#### Work request:
Copy the entries that follow, exactly and completely.

#### Given data:
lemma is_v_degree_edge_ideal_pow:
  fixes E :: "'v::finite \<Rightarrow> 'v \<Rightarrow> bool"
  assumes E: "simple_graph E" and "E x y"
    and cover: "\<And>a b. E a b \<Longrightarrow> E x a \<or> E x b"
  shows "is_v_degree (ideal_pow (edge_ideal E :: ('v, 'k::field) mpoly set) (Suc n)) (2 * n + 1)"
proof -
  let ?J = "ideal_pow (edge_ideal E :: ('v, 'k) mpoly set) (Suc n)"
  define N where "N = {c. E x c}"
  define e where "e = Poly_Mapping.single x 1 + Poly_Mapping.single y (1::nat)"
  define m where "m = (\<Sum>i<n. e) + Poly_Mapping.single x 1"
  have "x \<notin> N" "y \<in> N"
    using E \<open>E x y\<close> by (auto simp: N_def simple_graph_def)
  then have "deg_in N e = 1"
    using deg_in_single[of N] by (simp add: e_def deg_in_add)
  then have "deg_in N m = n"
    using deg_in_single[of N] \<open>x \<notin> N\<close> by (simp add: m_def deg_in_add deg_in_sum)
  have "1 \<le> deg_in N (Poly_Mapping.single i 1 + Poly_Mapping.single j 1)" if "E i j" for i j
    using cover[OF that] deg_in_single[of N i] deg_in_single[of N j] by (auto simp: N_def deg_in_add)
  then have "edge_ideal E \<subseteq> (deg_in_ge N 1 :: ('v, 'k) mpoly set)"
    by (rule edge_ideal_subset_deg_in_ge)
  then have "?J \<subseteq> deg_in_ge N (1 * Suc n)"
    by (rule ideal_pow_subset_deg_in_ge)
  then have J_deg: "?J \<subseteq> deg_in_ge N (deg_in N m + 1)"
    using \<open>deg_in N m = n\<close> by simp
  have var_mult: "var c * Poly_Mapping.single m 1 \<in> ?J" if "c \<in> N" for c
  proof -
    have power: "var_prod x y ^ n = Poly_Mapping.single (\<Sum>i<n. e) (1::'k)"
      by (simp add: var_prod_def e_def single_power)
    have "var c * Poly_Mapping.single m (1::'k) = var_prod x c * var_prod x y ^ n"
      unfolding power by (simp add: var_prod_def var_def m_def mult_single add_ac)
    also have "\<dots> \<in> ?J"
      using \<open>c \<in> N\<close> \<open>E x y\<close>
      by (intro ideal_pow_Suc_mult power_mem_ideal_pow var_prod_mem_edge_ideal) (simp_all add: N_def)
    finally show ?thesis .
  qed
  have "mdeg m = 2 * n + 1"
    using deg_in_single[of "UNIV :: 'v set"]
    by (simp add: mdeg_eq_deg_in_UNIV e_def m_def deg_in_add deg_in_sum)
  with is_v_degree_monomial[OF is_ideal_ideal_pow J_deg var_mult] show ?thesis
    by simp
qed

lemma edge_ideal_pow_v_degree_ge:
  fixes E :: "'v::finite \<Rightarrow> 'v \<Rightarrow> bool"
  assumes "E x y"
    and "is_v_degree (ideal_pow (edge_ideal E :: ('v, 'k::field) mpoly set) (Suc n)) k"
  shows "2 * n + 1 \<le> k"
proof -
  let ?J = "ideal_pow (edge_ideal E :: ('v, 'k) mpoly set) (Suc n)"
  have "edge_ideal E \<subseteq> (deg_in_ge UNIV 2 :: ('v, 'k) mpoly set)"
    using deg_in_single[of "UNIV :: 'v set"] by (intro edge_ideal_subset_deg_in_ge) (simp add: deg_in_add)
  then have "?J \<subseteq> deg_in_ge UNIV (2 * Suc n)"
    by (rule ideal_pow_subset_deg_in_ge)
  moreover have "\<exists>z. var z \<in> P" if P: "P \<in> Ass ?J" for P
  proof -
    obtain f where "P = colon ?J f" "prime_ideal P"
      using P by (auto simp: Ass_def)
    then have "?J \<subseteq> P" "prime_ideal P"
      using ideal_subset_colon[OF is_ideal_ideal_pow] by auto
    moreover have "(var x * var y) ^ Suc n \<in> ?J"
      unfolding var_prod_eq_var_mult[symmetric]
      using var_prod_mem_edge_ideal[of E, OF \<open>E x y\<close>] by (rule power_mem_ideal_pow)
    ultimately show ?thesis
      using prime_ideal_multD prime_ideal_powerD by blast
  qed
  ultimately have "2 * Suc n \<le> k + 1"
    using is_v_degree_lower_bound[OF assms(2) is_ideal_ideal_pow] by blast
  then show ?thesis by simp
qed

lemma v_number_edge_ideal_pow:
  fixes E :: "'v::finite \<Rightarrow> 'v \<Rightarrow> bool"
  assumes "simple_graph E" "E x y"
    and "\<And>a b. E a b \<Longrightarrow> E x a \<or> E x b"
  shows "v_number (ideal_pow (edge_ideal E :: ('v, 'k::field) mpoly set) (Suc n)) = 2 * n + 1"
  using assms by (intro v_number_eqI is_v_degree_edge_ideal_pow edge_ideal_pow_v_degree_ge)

#### Result:
lemma is_v_degree_edge_ideal_pow:
  fixes E :: "'v::finite \<Rightarrow> 'v \<Rightarrow> bool"
  assumes E: "simple_graph E" and "E x y"
    and cover: "\<And>a b. E a b \<Longrightarrow> E x a \<or> E x b"
  shows "is_v_degree (ideal_pow (edge_ideal E :: ('v, 'k::field) mpoly set) (Suc n)) (2 * n + 1)"
proof -
  let ?J = "ideal_pow (edge_ideal E :: ('v, 'k) mpoly set) (Suc n)"
  define N where "N = {c. E x c}"
  define e where "e = Poly_Mapping.single x 1 + Poly_Mapping.single y (1::nat)"
  define m where "m = (\<Sum>i<n. e) + Poly_Mapping.single x 1"
  have "x \<notin> N" "y \<in> N"
    using E \<open>E x y\<close> by (auto simp: N_def simple_graph_def)
  then have "deg_in N e = 1"
    using deg_in_single[of N] by (simp add: e_def deg_in_add)
  then have "deg_in N m = n"
    using deg_in_single[of N] \<open>x \<notin> N\<close> by (simp add: m_def deg_in_add deg_in_sum)
  have "1 \<le> deg_in N (Poly_Mapping.single i 1 + Poly_Mapping.single j 1)" if "E i j" for i j
    using cover[OF that] deg_in_single[of N i] deg_in_single[of N j] by (auto simp: N_def deg_in_add)
  then have "edge_ideal E \<subseteq> (deg_in_ge N 1 :: ('v, 'k) mpoly set)"
    by (rule edge_ideal_subset_deg_in_ge)
  then have "?J \<subseteq> deg_in_ge N (1 * Suc n)"
    by (rule ideal_pow_subset_deg_in_ge)
  then have J_deg: "?J \<subseteq> deg_in_ge N (deg_in N m + 1)"
    using \<open>deg_in N m = n\<close> by simp
  have var_mult: "var c * Poly_Mapping.single m 1 \<in> ?J" if "c \<in> N" for c
  proof -
    have power: "var_prod x y ^ n = Poly_Mapping.single (\<Sum>i<n. e) (1::'k)"
      by (simp add: var_prod_def e_def single_power)
    have "var c * Poly_Mapping.single m (1::'k) = var_prod x c * var_prod x y ^ n"
      unfolding power by (simp add: var_prod_def var_def m_def mult_single add_ac)
    also have "\<dots> \<in> ?J"
      using \<open>c \<in> N\<close> \<open>E x y\<close>
      by (intro ideal_pow_Suc_mult power_mem_ideal_pow var_prod_mem_edge_ideal) (simp_all add: N_def)
    finally show ?thesis .
  qed
  have "mdeg m = 2 * n + 1"
    using deg_in_single[of "UNIV :: 'v set"]
    by (simp add: mdeg_eq_deg_in_UNIV e_def m_def deg_in_add deg_in_sum)
  with is_v_degree_monomial[OF is_ideal_ideal_pow J_deg var_mult] show ?thesis
    by simp
qed

lemma edge_ideal_pow_v_degree_ge:
  fixes E :: "'v::finite \<Rightarrow> 'v \<Rightarrow> bool"
  assumes "E x y"
    and "is_v_degree (ideal_pow (edge_ideal E :: ('v, 'k::field) mpoly set) (Suc n)) k"
  shows "2 * n + 1 \<le> k"
proof -
  let ?J = "ideal_pow (edge_ideal E :: ('v, 'k) mpoly set) (Suc n)"
  have "edge_ideal E \<subseteq> (deg_in_ge UNIV 2 :: ('v, 'k) mpoly set)"
    using deg_in_single[of "UNIV :: 'v set"] by (intro edge_ideal_subset_deg_in_ge) (simp add: deg_in_add)
  then have "?J \<subseteq> deg_in_ge UNIV (2 * Suc n)"
    by (rule ideal_pow_subset_deg_in_ge)
  moreover have "\<exists>z. var z \<in> P" if P: "P \<in> Ass ?J" for P
  proof -
    obtain f where "P = colon ?J f" "prime_ideal P"
      using P by (auto simp: Ass_def)
    then have "?J \<subseteq> P" "prime_ideal P"
      using ideal_subset_colon[OF is_ideal_ideal_pow] by auto
    moreover have "(var x * var y) ^ Suc n \<in> ?J"
      unfolding var_prod_eq_var_mult[symmetric]
      using var_prod_mem_edge_ideal[of E, OF \<open>E x y\<close>] by (rule power_mem_ideal_pow)
    ultimately show ?thesis
      using prime_ideal_multD prime_ideal_powerD by blast
  qed
  ultimately have "2 * Suc n \<le> k + 1"
    using is_v_degree_lower_bound[OF assms(2) is_ideal_ideal_pow] by blast
  then show ?thesis by simp
qed

lemma v_number_edge_ideal_pow:
  fixes E :: "'v::finite \<Rightarrow> 'v \<Rightarrow> bool"
  assumes "simple_graph E" "E x y"
    and "\<And>a b. E a b \<Longrightarrow> E x a \<or> E x b"
  shows "v_number (ideal_pow (edge_ideal E :: ('v, 'k::field) mpoly set) (Suc n)) = 2 * n + 1"
  using assms by (intro v_number_eqI is_v_degree_edge_ideal_pow edge_ideal_pow_v_degree_ge)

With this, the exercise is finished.